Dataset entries
────
text \<open>The second difference of \<open>F\<close> over the square, computed by the mean value theorem
  in either order, is \<open>t\<^sup>2\<close> times a value of either mixed partial.\<close>

lemma mixed_partials_meet:
  fixes a b t :: real
  defines "Q \<equiv> {a..a + t} \<times> {b..b + t}"
  assumes t: "t > 0"
    and diff: "\<And>q. q \<in> Q \<Longrightarrow>
      F differentiable (at q) \<and> pd1 F differentiable (at q) \<and> pd2 F differentiable (at q)"
  shows "\<exists>q1\<in>Q. \<exists>q2\<in>Q. pd2 (pd1 F) q1 = pd1 (pd2 F) q2"
proof -
  have dy: "((\<lambda>y. H (y, s)) has_real_derivative pd1 H (y, s)) (at y)"
    and ds: "((\<lambda>s. H (y, s)) has_real_derivative pd2 H (y, s)) (at s)"
    if "(y, s) \<in> Q" "H = F \<or> H = pd1 F \<or> H = pd2 F" for H y s
    using pd1_has_real_derivative[of H "(y, s)"] pd2_has_real_derivative[of H "(y, s)"]
      diff[OF that(1)] that(2) by auto
  have in_Q: "(y, s) \<in> Q" if "a \<le> y" "y \<le> a + t" "b \<le> s" "s \<le> b + t" for y s
    using that unfolding Q_def by simp
  have "\<exists>y1>a. y1 < a + t \<and> (F (a + t, b + t) - F (a + t, b)) - (F (a, b + t) - F (a, b))
      = (a + t - a) * (pd1 F (y1, b + t) - pd1 F (y1, b))"
    using t by (intro MVT2) (auto intro!: DERIV_diff dy in_Q)
  then obtain y1 where y1: "a < y1" "y1 < a + t"
    and \<Delta>1: "(F (a + t, b + t) - F (a + t, b)) - (F (a, b + t) - F (a, b))
      = t * (pd1 F (y1, b + t) - pd1 F (y1, b))"
    by auto
  have "\<exists>s1>b. s1 < b + t \<and> pd1 F (y1, b + t) - pd1 F (y1, b) = (b + t - b) * pd2 (pd1 F) (y1, s1)"
    using t y1 by (intro MVT2) (auto intro!: ds in_Q)
  then obtain s1 where s1: "b < s1" "s1 < b + t"
    and "pd1 F (y1, b + t) - pd1 F (y1, b) = t * pd2 (pd1 F) (y1, s1)"
    by auto
  have "\<exists>s2>b. s2 < b + t \<and> (F (a + t, b + t) - F (a, b + t)) - (F (a + t, b) - F (a, b))
      = (b + t - b) * (pd2 F (a + t, s2) - pd2 F (a, s2))"
    using t by (intro MVT2) (auto intro!: DERIV_diff ds in_Q)
  then obtain s2 where s2: "b < s2" "s2 < b + t"
    and \<Delta>2: "(F (a + t, b + t) - F (a, b + t)) - (F (a + t, b) - F (a, b))
      = t * (pd2 F (a + t, s2) - pd2 F (a, s2))"
    by auto
  have "\<exists>y2>a. y2 < a + t \<and> pd2 F (a + t, s2) - pd2 F (a, s2) = (a + t - a) * pd1 (pd2 F) (y2, s2)"
    using t s2 by (intro MVT2) (auto intro!: dy in_Q)
  then obtain y2 where y2: "a < y2" "y2 < a + t"
    and "pd2 F (a + t, s2) - pd2 F (a, s2) = t * pd1 (pd2 F) (y2, s2)"
    by auto
  moreover note \<open>pd1 F (y1, b + t) - pd1 F (y1, b) = t * pd2 (pd1 F) (y1, s1)\<close>
  ultimately have "t * (t * pd2 (pd1 F) (y1, s1)) = t * (t * pd1 (pd2 F) (y2, s2))"
    using \<Delta>1 \<Delta>2 by (simp add: algebra_simps)
  then have "pd2 (pd1 F) (y1, s1) = pd1 (pd2 F) (y2, s2)"
    using t by simp
  moreover have "(y1, s1) \<in> Q" "(y2, s2) \<in> Q"
    using y1 s1 y2 s2 by (auto intro: in_Q)
  ultimately show ?thesis by blast
qed

lemma dist_square_le:
  fixes a b t y s :: real
  assumes "(y, s) \<in> {a..a + t} \<times> {b..b + t}"
  shows "dist (y, s) (a, b) \<le> 2 * t"
proof -
  have "dist (y, s) (a, b) \<le> \<bar>y - a\<bar> + \<bar>s - b\<bar>"
    using sqrt_sum_squares_le_sum_abs[of "y - a" "s - b"]
    by (simp add: dist_Pair_Pair dist_real_def power2_eq_square)
  with assms show ?thesis by auto
qed

theorem pd_symmetric:
  assumes U: "open U" and p: "p \<in> U"
    and diff: "\<And>q. q \<in> U \<Longrightarrow>
      F differentiable (at q) \<and> pd1 F differentiable (at q) \<and> pd2 F differentiable (at q)"
    and cont: "isCont (pd2 (pd1 F)) p" "isCont (pd1 (pd2 F)) p"
  shows "pd2 (pd1 F) p = pd1 (pd2 F) p"
proof (rule ccontr)
  let ?D1 = "pd2 (pd1 F)" and ?D2 = "pd1 (pd2 F)"
  assume "?D1 p \<noteq> ?D2 p"
  define e where "e = \<bar>?D1 p - ?D2 p\<bar> / 2"
  have e: "e > 0"
    using \<open>?D1 p \<noteq> ?D2 p\<close> by (simp add: e_def)
  obtain d1 where d1: "d1 > 0" "\<And>q. dist q p < d1 \<Longrightarrow> dist (?D1 q) (?D1 p) < e"
    using cont(1) e unfolding continuous_at_eps_delta by blast
  obtain d2 where d2: "d2 > 0" "\<And>q. dist q p < d2 \<Longrightarrow> dist (?D2 q) (?D2 p) < e"
    using cont(2) e unfolding continuous_at_eps_delta by blast
  obtain r where r: "r > 0" "ball p r \<subseteq> U"
    using U p open_contains_ball by blast
  define t where "t = min (min d1 d2) r / 4"
  have t: "t > 0" "2 * t < d1" "2 * t < d2" "2 * t < r"
    using d1 d2 r by (auto simp: t_def)
  define Q where "Q = {fst p..fst p + t} \<times> {snd p..snd p + t}"
  have near: "dist q p \<le> 2 * t" if "q \<in> Q" for q
    using dist_square_le[of "fst q" "snd q" "fst p" t "snd p"] that by (simp add: Q_def)
  have "Q \<subseteq> U"
    using near t r by (force simp: dist_commute)
  then have "\<exists>q1\<in>Q. \<exists>q2\<in>Q. ?D1 q1 = ?D2 q2"
    unfolding Q_def by (intro mixed_partials_meet t(1) diff) (auto simp: Q_def)
  then obtain q1 q2 where "q1 \<in> Q" "q2 \<in> Q" "?D1 q1 = ?D2 q2"
    by blast
  moreover have "dist (?D1 q1) (?D1 p) < e"
    by (intro d1(2)) (use near[OF \<open>q1 \<in> Q\<close>] t(2) in linarith)
  moreover have "dist (?D2 q2) (?D2 p) < e"
    by (intro d2(2)) (use near[OF \<open>q2 \<in> Q\<close>] t(3) in linarith)
  ultimately have "\<bar>?D1 p - ?D2 p\<bar> < 2 * e"
    by (simp add: dist_real_def)
  then show False
    by (simp add: e_def)
qed

locale smooth_domain =
  fixes U :: "(real \<times> real) set"
  assumes open_domain: "open U"
begin

lemma smooth_cong: "smooth_on2 U F \<Longrightarrow> (\<And>p. p \<in> U \<Longrightarrow> G p = F p) \<Longrightarrow> smooth_on2 U G"
  by (rule smooth_on2_smooth_alg[OF open_domain smooth_alg.smooth])

lemma smooth_const [simp]: "smooth_on2 U (\<lambda>q. c)"
  by (rule smooth_on2_smooth_alg[OF open_domain smooth_alg.const[of c]]) (rule refl)

lemma smooth_fst [simp]: "smooth_on2 U fst"
  by (rule smooth_on2_smooth_alg[OF open_domain smooth_alg.fst]) (rule refl)

lemma smooth_add [simp]:
  "smooth_on2 U F \<Longrightarrow> smooth_on2 U G \<Longrightarrow> smooth_on2 U (\<lambda>q. F q + G q)"
  by (rule smooth_on2_smooth_alg[OF open_domain smooth_alg.add[OF smooth_alg.smooth smooth_alg.smooth]])
    (assumption | rule refl)+

lemma smooth_mult [simp]:
  "smooth_on2 U F \<Longrightarrow> smooth_on2 U G \<Longrightarrow> smooth_on2 U (\<lambda>q. F q * G q)"
  by (rule smooth_on2_smooth_alg[OF open_domain smooth_alg.mult[OF smooth_alg.smooth smooth_alg.smooth]])
    (assumption | rule refl)+

lemma smooth_inverse [simp]:
  "smooth_on2 U F \<Longrightarrow> (\<And>p. p \<in> U \<Longrightarrow> F p \<noteq> 0) \<Longrightarrow> smooth_on2 U (\<lambda>q. inverse (F q))"
  by (rule smooth_on2_smooth_alg[OF open_domain smooth_alg.inverse[OF smooth_alg.smooth]])
    (assumption | rule refl)+

lemma smooth_minus [simp]: "smooth_on2 U F \<Longrightarrow> smooth_on2 U (\<lambda>q. - F q)"
  using smooth_mult[of "\<lambda>q. - 1" F] by simp

lemma smooth_diff [simp]:
  "smooth_on2 U F \<Longrightarrow> smooth_on2 U G \<Longrightarrow> smooth_on2 U (\<lambda>q. F q - G q)"
  using smooth_add[of F "\<lambda>q. - G q"] by simp

lemma smooth_divide [simp]:
  "smooth_on2 U F \<Longrightarrow> smooth_on2 U G \<Longrightarrow> (\<And>p. p \<in> U \<Longrightarrow> G p \<noteq> 0)
    \<Longrightarrow> smooth_on2 U (\<lambda>q. F q / G q)"
  using smooth_mult[of F "\<lambda>q. inverse (G q)"] by (simp add: divide_inverse)

lemma smooth_power [simp]: "smooth_on2 U F \<Longrightarrow> smooth_on2 U (\<lambda>q. F q ^ n)"
  by (induction n) simp_all

lemma smooth_pd [simp]: "smooth_on2 U F \<Longrightarrow> smooth_on2 U (pd1 F)" "smooth_on2 U F \<Longrightarrow> smooth_on2 U (pd2 F)"
  by (simp_all add: smooth_on2_pd1 smooth_on2_pd2)

lemma smooth_differentiable [simp]: "smooth_on2 U F \<Longrightarrow> p \<in> U \<Longrightarrow> F differentiable (at p)"
  by (rule smooth_on2_differentiable)

declare pd_minus [simp] pd_power [simp] pd_add [simp] pd_diff [simp] pd_mult [simp] pd_divide [simp]

lemma pd_cong:
  assumes "p \<in> U" "\<And>q. q \<in> U \<Longrightarrow> F q = G q"
  shows pd1_cong: "pd1 F p = pd1 G p" and pd2_cong: "pd2 F p = pd2 G p"
  using pd_cong_open[OF open_domain assms] by simp_all

lemma smooth_pd_commute: "smooth_on2 U F \<Longrightarrow> p \<in> U \<Longrightarrow> pd2 (pd1 F) p = pd1 (pd2 F) p"
  by (intro pd_symmetric[OF open_domain] differentiable_imp_continuous_within conjI) auto

end

section \<open>Change of variables\<close>

lemma linear_real_pair:
  fixes L :: "real \<times> real \<Rightarrow> real"
  assumes "linear L"
  shows "L (c, d) = c * L (1, 0) + d * L (0, 1)"
proof -
  have "L (c, d) = L (c *\<^sub>R (1, 0) + d *\<^sub>R (0, 1))"
    by simp
  also have "\<dots> = c * L (1, 0) + d * L (0, 1)"
    by (simp only: linear_add[OF assms] linear_scale[OF assms] real_scaleR_def)
  finally show ?thesis .
qed

lemma pd_chain:
  assumes "A differentiable (at p)" "B differentiable (at p)" "H differentiable (at (A p, B p))"
  shows "pd1 (\<lambda>q. H (A q, B q)) p = pd1 H (A p, B p) * pd1 A p + pd2 H (A p, B p) * pd1 B p"
    and "pd2 (\<lambda>q. H (A q, B q)) p = pd1 H (A p, B p) * pd2 A p + pd2 H (A p, B p) * pd2 B p"
proof -
  obtain A' B' H' where A': "(A has_derivative A') (at p)" and B': "(B has_derivative B') (at p)"
    and H': "(H has_derivative H') (at (A p, B p))"
    using assms unfolding differentiable_def by blast
  have comp: "((\<lambda>q. H (A q, B q)) has_derivative (\<lambda>v. H' (A' v, B' v))) (at p)"
    using has_derivative_compose[OF has_derivative_Pair[OF A' B'] H'] .
  have lin: "linear H'"
    using H' has_derivative_linear by blast
  have "pd1 (\<lambda>q. H (A q, B q)) p = H' (A' (1, 0), B' (1, 0))"
    by (rule pd1_has_derivative[OF comp])
  also have "\<dots> = A' (1, 0) * H' (1, 0) + B' (1, 0) * H' (0, 1)"
    by (rule linear_real_pair[OF lin])
  finally show "pd1 (\<lambda>q. H (A q, B q)) p = pd1 H (A p, B p) * pd1 A p + pd2 H (A p, B p) * pd1 B p"
    by (simp add: pd_has_derivative[OF A'] pd_has_derivative[OF B'] pd_has_derivative[OF H'])
  have "pd2 (\<lambda>q. H (A q, B q)) p = H' (A' (0, 1), B' (0, 1))"
    by (rule pd2_has_derivative[OF comp])
  also have "\<dots> = A' (0, 1) * H' (1, 0) + B' (0, 1) * H' (0, 1)"
    by (rule linear_real_pair[OF lin])
  finally show "pd2 (\<lambda>q. H (A q, B q)) p = pd1 H (A p, B p) * pd2 A p + pd2 H (A p, B p) * pd2 B p"
    by (simp add: pd_has_derivative[OF A'] pd_has_derivative[OF B'] pd_has_derivative[OF H'])
qed

lemma pd_inverse_change_of_variables:
  assumes V: "open V" "p \<in> V" and X: "X differentiable (at p)"
    and inv: "\<And>p'. p' \<in> V \<Longrightarrow> \<Psi> (X p', snd p') = p'"
    and \<Psi>: "\<Psi> differentiable (at (X p, snd p))" and G: "G differentiable (at p)"
  shows "pd1 G p = pd1 (\<lambda>q. G (\<Psi> q)) (X p, snd p) * pd1 X p"
    and "pd2 G p = pd1 (\<lambda>q. G (\<Psi> q)) (X p, snd p) * pd2 X p + pd2 (\<lambda>q. G (\<Psi> q)) (X p, snd p)"
proof -
  have "(G \<circ> \<Psi>) differentiable (at (X p, snd p))"
    using differentiable_chain_at[OF \<Psi>] G inv[OF V(2)] by simp
  then have H: "(\<lambda>q. G (\<Psi> q)) differentiable (at (X p, snd p))"
    by (simp add: o_def)
  have snd: "snd differentiable (at p)"
    by (simp add: bounded_linear_imp_differentiable bounded_linear_snd)
  have "G p' = G (\<Psi> (X p', snd p'))" if "p' \<in> V" for p'
    using inv[OF that] by simp
  note cong = pd_cong_open[OF V this]
  from cong pd_chain[OF X snd H] show "pd1 G p = pd1 (\<lambda>q. G (\<Psi> q)) (X p, snd p) * pd1 X p"
    and "pd2 G p = pd1 (\<lambda>q. G (\<Psi> q)) (X p, snd p) * pd2 X p + pd2 (\<lambda>q. G (\<Psi> q)) (X p, snd p)"
    by simp_all
qed

lemma horizontal_segment_in_convex:
  fixes a b :: "real \<times> real"
  assumes "convex S" "a \<in> S" "b \<in> S" "snd a = snd b" "fst a \<le> y" "y \<le> fst b"
  shows "(y, snd a) \<in> S"
proof (cases "fst a = fst b")
  case True
  with assms(5,6) have "y = fst a"
    by linarith
  with assms(2) show ?thesis by simp
next
  case False
  define u where "u = (y - fst a) / (fst b - fst a)"
  have "0 \<le> u" "u \<le> 1"
    using assms(5,6) False by (auto simp: u_def divide_simps)
  with assms have "(1 - u) *\<^sub>R a + u *\<^sub>R b \<in> S"
    by (intro convexD_alt)
  moreover have "u * (fst b - fst a) = y - fst a"
    using False by (simp add: u_def)
  then have "(1 - u) *\<^sub>R a + u *\<^sub>R b = (y, snd a)"
    using assms(4) by (simp add: prod_eq_iff algebra_simps)
  ultimately show ?thesis by simp
qed

lemma shear_locally_injective_open:
  assumes U: "open U" "p \<in> U" and X: "\<And>q. q \<in> U \<Longrightarrow> X differentiable (at q)"
    and cont: "isCont (pd1 X) p" and nz: "pd1 X p \<noteq> 0"
  shows "\<exists>V. p \<in> V \<and> open V \<and> V \<subseteq> U \<and> inj_on (\<lambda>q. (X q, snd q)) V
    \<and> open ((\<lambda>q. (X q, snd q)) ` V)"
proof -
  let ?\<Phi> = "\<lambda>q. (X q, snd q)"
  obtain d where d: "d > 0" "\<And>q. dist q p < d \<Longrightarrow> dist (pd1 X q) (pd1 X p) < \<bar>pd1 X p\<bar>"
    using cont nz unfolding continuous_at_eps_delta by (meson zero_less_abs_iff)
  obtain r0 where r0: "r0 > 0" "ball p r0 \<subseteq> U"
    using U open_contains_ball by blast
  define r where "r = min d r0"
  have B: "ball p r \<subseteq> U"
    using r0 by (auto simp: r_def)
  have nz_ball: "pd1 X q \<noteq> 0" if "q \<in> ball p r" for q
    using d(2)[of q] that by (auto simp: r_def dist_commute dist_real_def)
  have dX: "((\<lambda>y. X (y, s)) has_real_derivative pd1 X (y, s)) (at y)" if "(y, s) \<in> U" for y s
    using pd1_has_real_derivative[of X "(y, s)"] X[OF that] by simp
  have no_collision: False
    if ab: "a \<in> ball p r" "b \<in> ball p r" "?\<Phi> a = ?\<Phi> b" and lt: "fst a < fst b" for a b
  proof -
    have seg: "(y, snd a) \<in> ball p r" if "fst a \<le> y" "y \<le> fst b" for y
      using horizontal_segment_in_convex[OF convex_ball ab(1,2)] that ab(3) by simp
    have "\<exists>z>fst a. z < fst b \<and> X (fst b, snd a) - X (fst a, snd a) = (fst b - fst a) * pd1 X (z, snd a)"
      using lt seg B by (intro MVT2 dX) auto
    moreover have "X (fst b, snd a) = X (fst a, snd a)"
      by (metis ab(3) prod.collapse prod.inject)
    ultimately obtain z where "fst a < z" "z < fst b" "pd1 X (z, snd a) = 0"
      using lt by auto
    then show False
      using nz_ball seg by force
  qed
  have inj: "inj_on ?\<Phi> (ball p r)"
  proof (rule inj_onI)
    fix a b
    assume "a \<in> ball p r" "b \<in> ball p r" "?\<Phi> a = ?\<Phi> b"
    then show "a = b"
      using no_collision[of a b] no_collision[of b a] by (cases "fst a" "fst b" rule: linorder_cases)
        (auto simp: prod_eq_iff)
  qed
  have "continuous_on (ball p r) ?\<Phi>"
    using B X by (intro continuous_at_imp_continuous_on ballI continuous_intros
        differentiable_imp_continuous_within) auto
  then have "open (?\<Phi> ` ball p r)"
    using invariance_of_domain inj by blast
  with inj B show ?thesis
    using r0(1) d(1) by (intro exI[of _ "ball p r"]) (auto simp: r_def)
qed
────
PROBLEM DETAILS
Only the lines above starting with the one with "s)) has_real_derivative pd2" and going through the one with "then obtain y1" are to be copied, word for word and with both ends kept.

FINISHED TASK
    and ds: "((\<lambda>s. H (y, s)) has_real_derivative pd2 H (y, s)) (at s)"
    if "(y, s) \<in> Q" "H = F \<or> H = pd1 F \<or> H = pd2 F" for H y s
    using pd1_has_real_derivative[of H "(y, s)"] pd2_has_real_derivative[of H "(y, s)"]
      diff[OF that(1)] that(2) by auto
  have in_Q: "(y, s) \<in> Q" if "a \<le> y" "y \<le> a + t" "b \<le> s" "s \<le> b + t" for y s
    using that unfolding Q_def by simp
  have "\<exists>y1>a. y1 < a + t \<and> (F (a + t, b + t) - F (a + t, b)) - (F (a, b + t) - F (a, b))
      = (a + t - a) * (pd1 F (y1, b + t) - pd1 F (y1, b))"
    using t by (intro MVT2) (auto intro!: DERIV_diff dy in_Q)
  then obtain y1 where y1: "a < y1" "y1 < a + t"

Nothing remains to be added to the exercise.